** What you will do **
Go through the listing and pick out each line with the word "blast" in it.
━━━━━━━━━━━━━━━━━━━━━━━━━━━━━━
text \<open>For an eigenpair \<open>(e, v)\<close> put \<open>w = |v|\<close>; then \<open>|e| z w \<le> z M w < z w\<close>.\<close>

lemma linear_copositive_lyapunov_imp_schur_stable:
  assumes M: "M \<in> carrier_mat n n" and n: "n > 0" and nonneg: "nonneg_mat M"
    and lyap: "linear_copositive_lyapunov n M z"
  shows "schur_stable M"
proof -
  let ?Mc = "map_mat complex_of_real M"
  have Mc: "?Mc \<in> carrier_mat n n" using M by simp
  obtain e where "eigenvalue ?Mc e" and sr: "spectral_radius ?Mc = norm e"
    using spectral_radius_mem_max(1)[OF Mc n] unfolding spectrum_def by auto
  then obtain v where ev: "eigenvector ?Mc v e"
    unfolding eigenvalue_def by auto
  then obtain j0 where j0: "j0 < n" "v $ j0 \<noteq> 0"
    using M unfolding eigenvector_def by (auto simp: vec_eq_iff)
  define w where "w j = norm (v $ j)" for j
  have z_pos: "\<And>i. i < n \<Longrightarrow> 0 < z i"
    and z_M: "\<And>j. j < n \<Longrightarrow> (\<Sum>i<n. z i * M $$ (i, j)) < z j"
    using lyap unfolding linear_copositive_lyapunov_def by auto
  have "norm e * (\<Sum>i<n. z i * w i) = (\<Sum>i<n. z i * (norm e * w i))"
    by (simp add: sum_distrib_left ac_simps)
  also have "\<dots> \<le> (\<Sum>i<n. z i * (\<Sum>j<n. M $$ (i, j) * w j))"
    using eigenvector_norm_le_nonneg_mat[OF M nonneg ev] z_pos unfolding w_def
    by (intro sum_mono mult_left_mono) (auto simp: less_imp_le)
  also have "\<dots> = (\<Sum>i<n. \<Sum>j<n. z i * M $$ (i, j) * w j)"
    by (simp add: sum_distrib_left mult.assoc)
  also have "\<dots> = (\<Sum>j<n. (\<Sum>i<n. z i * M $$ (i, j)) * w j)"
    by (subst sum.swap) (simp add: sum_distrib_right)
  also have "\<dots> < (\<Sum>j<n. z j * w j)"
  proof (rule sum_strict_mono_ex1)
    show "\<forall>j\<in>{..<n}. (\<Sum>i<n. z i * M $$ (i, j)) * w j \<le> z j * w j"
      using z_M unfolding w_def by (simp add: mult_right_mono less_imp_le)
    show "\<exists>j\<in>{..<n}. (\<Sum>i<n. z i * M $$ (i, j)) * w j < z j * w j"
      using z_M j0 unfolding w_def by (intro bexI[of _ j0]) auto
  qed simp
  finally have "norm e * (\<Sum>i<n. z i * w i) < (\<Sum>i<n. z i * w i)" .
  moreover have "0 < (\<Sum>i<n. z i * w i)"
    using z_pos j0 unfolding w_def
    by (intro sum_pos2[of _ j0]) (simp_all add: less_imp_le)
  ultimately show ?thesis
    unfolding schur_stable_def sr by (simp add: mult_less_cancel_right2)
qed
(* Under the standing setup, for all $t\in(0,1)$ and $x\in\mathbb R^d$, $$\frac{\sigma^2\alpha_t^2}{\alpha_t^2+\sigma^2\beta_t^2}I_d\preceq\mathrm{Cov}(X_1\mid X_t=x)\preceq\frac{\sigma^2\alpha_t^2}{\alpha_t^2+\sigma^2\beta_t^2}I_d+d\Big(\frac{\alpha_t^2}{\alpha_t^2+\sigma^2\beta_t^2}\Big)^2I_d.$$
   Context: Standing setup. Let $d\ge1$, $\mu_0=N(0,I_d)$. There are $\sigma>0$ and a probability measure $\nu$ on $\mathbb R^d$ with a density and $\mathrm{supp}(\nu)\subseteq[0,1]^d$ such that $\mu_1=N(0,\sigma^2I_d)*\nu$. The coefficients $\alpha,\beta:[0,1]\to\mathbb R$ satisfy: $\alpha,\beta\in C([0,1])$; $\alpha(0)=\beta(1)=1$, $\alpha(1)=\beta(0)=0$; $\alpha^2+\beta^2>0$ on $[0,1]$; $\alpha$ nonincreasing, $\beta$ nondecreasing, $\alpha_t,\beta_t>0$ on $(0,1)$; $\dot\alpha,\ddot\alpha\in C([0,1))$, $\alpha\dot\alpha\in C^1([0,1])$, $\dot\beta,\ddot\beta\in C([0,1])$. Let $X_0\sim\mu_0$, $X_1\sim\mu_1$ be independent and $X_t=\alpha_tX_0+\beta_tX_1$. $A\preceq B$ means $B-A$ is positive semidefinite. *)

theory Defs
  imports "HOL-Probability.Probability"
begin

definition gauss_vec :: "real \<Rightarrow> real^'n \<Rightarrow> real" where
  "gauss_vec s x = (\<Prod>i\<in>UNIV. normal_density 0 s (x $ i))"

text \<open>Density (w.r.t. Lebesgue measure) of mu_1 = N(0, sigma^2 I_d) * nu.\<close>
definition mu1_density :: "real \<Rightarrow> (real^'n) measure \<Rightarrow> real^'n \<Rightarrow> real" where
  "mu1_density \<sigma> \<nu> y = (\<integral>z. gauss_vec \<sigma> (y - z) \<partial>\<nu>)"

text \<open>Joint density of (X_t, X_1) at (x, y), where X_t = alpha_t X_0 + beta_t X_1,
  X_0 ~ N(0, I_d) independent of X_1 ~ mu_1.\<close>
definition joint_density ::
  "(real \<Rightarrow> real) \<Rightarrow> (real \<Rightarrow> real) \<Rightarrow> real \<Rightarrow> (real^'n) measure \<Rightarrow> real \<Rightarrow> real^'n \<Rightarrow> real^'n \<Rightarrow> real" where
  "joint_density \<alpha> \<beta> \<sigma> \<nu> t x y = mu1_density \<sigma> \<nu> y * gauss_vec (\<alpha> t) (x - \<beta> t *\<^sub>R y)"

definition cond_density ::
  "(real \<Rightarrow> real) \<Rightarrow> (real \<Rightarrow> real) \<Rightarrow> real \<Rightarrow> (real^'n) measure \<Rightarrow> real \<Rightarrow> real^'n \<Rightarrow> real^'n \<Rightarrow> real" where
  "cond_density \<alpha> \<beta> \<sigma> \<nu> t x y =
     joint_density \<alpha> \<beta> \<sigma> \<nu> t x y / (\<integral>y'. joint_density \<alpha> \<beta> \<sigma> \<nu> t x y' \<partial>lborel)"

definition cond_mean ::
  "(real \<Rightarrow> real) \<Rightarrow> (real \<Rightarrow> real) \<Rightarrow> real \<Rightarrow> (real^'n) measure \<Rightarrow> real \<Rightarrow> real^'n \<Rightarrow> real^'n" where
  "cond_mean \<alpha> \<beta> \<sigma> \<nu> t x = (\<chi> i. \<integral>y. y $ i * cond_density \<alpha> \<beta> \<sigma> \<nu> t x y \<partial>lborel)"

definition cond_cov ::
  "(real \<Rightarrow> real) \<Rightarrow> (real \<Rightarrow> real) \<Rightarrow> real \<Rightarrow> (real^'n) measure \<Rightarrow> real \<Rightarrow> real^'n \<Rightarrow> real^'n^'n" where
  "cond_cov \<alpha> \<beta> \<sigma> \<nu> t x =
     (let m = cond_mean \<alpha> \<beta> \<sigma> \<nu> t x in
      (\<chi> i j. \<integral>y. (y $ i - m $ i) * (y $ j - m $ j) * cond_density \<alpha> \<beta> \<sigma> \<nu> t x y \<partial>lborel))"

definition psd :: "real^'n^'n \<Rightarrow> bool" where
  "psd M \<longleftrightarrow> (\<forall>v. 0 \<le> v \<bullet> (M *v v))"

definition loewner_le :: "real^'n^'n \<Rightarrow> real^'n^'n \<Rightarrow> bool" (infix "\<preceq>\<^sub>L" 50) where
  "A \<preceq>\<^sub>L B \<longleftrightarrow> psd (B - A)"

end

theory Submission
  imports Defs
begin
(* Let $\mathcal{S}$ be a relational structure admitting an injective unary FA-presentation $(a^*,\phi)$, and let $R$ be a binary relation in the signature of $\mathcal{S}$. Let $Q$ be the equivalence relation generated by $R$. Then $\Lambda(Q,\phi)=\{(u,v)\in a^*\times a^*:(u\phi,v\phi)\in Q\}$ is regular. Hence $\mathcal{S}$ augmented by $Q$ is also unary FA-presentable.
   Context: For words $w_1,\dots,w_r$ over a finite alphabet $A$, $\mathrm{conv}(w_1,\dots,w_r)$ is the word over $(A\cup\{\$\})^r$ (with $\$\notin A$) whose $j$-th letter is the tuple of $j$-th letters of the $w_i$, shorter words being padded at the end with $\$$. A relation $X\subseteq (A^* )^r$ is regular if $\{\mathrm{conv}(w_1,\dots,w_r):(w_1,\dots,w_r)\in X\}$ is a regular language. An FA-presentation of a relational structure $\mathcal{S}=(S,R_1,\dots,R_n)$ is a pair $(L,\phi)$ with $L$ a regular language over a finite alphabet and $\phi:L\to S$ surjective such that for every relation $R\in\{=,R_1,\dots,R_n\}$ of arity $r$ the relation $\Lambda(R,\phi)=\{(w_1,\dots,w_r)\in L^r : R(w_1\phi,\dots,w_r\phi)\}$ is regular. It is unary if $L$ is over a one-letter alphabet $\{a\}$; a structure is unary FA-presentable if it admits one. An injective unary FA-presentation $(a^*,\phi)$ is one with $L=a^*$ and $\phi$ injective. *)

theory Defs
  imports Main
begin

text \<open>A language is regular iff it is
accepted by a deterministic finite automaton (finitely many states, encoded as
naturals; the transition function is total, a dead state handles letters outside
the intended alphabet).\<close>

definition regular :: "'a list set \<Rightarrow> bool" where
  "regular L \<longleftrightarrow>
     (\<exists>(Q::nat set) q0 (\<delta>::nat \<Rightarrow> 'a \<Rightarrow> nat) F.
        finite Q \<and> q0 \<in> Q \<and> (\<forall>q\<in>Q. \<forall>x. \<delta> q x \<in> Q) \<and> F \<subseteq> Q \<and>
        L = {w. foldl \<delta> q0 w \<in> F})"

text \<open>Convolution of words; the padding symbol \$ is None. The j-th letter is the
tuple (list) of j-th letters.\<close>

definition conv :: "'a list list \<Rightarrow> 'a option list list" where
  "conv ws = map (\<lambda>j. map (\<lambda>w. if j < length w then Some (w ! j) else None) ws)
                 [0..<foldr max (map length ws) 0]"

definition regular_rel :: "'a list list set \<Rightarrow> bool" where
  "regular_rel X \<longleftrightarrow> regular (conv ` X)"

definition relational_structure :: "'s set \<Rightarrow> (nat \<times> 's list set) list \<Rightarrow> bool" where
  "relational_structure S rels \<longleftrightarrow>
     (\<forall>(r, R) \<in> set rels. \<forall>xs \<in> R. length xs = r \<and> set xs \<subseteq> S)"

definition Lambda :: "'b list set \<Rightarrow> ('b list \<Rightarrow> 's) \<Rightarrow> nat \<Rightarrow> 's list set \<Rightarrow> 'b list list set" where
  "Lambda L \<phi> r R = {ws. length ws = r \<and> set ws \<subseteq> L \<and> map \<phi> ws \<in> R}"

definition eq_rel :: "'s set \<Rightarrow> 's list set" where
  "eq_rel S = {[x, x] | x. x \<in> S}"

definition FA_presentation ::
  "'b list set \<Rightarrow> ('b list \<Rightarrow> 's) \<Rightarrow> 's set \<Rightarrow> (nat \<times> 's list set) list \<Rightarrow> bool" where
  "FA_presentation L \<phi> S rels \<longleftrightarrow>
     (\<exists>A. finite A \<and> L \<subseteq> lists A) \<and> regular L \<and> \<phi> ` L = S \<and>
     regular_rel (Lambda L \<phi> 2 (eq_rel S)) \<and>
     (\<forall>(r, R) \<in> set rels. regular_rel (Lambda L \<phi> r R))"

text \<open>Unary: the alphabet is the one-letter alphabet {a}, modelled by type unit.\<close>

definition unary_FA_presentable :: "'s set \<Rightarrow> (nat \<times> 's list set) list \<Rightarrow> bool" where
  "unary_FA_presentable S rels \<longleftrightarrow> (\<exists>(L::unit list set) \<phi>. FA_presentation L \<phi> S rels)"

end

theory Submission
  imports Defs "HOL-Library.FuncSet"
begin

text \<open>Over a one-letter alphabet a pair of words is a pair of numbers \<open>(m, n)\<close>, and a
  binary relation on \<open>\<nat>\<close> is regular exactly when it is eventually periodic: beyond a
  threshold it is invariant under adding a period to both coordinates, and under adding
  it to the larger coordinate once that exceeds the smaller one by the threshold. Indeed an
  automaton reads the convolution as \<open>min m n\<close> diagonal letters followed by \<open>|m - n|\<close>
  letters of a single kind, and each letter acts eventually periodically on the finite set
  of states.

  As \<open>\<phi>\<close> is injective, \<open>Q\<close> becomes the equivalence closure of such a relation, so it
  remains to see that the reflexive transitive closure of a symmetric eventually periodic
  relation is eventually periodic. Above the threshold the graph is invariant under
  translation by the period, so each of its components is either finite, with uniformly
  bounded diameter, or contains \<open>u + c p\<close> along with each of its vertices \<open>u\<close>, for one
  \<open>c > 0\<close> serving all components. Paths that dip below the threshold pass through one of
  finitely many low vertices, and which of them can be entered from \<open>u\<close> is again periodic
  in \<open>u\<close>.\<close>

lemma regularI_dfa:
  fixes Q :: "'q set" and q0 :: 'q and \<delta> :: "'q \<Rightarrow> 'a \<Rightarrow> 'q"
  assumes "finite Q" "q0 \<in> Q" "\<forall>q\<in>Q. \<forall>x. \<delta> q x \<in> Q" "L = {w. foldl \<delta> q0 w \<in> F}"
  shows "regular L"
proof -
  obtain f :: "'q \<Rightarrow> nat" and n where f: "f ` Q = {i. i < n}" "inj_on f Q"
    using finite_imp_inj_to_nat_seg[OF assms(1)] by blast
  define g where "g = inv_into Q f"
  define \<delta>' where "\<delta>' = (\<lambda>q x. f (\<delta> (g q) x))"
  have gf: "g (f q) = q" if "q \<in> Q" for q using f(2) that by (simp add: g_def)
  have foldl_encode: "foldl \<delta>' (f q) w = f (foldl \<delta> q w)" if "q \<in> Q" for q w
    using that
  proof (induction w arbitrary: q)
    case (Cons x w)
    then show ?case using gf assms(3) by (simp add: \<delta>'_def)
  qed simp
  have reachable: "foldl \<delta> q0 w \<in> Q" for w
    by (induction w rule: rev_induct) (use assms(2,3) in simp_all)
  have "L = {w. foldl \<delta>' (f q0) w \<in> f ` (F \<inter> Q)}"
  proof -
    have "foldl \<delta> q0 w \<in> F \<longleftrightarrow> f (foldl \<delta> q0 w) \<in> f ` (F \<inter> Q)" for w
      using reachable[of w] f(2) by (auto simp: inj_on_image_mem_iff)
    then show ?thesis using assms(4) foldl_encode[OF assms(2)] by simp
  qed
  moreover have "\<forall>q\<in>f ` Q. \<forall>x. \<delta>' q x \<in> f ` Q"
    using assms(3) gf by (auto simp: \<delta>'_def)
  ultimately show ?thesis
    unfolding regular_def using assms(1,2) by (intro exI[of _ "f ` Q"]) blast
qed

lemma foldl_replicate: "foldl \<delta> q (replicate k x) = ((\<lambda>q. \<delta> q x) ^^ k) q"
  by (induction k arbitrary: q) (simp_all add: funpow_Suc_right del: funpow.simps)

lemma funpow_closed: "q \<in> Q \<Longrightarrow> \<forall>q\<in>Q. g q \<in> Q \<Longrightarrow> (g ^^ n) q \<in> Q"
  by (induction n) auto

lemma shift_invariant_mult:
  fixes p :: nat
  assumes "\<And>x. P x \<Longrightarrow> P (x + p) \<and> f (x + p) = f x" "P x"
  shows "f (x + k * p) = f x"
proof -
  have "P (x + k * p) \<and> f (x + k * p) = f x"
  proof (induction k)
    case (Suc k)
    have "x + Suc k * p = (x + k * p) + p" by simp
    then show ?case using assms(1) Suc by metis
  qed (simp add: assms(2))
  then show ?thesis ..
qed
━━━━━━━━━━━━━━━━━━━━━━━━━━━━━━
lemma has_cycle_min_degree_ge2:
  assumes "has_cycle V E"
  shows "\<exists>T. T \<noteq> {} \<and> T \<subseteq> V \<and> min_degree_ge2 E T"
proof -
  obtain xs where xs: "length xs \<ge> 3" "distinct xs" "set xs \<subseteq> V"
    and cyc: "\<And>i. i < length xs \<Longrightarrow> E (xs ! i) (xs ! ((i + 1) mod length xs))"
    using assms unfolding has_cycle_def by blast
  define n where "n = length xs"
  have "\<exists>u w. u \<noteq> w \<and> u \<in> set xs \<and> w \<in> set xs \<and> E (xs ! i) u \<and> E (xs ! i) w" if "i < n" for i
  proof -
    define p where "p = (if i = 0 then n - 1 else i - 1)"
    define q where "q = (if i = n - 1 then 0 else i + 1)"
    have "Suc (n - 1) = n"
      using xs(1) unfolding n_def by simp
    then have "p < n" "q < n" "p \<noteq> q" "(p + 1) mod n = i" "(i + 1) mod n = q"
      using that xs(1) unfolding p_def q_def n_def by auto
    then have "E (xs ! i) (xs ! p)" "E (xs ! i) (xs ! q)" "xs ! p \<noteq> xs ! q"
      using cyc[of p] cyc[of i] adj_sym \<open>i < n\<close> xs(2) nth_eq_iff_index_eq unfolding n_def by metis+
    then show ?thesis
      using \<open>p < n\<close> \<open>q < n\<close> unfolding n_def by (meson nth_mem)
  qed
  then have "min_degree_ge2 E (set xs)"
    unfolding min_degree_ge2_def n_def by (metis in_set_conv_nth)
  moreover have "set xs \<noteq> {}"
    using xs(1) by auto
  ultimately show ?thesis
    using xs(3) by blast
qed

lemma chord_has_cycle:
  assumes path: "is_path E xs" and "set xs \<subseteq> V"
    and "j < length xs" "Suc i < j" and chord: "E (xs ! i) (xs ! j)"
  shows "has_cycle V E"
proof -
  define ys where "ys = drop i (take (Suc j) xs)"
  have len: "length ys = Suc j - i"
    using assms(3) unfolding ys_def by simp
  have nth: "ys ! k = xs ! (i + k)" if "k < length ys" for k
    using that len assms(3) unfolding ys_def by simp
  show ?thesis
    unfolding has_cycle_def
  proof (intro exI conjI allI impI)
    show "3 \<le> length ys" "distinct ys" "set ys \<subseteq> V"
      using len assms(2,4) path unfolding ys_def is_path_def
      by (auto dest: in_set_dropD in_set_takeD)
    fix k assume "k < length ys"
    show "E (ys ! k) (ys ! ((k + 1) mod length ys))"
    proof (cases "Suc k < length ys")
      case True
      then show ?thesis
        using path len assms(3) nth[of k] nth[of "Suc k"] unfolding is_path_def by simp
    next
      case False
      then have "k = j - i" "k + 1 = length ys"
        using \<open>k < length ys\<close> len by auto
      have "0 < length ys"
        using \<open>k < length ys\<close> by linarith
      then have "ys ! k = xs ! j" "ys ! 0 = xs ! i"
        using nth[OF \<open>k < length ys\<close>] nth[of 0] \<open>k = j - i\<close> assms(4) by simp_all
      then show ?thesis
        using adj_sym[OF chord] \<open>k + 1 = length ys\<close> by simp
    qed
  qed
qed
━━━━━━━━━━━━━━━━━━━━━━━━━━━━━━
** Result of the exercise **
    using finite_imp_inj_to_nat_seg[OF assms(1)] by blast
    unfolding regular_def using assms(1,2) by (intro exI[of _ "f ` Q"]) blast
    using assms unfolding has_cycle_def by blast
    using xs(3) by blast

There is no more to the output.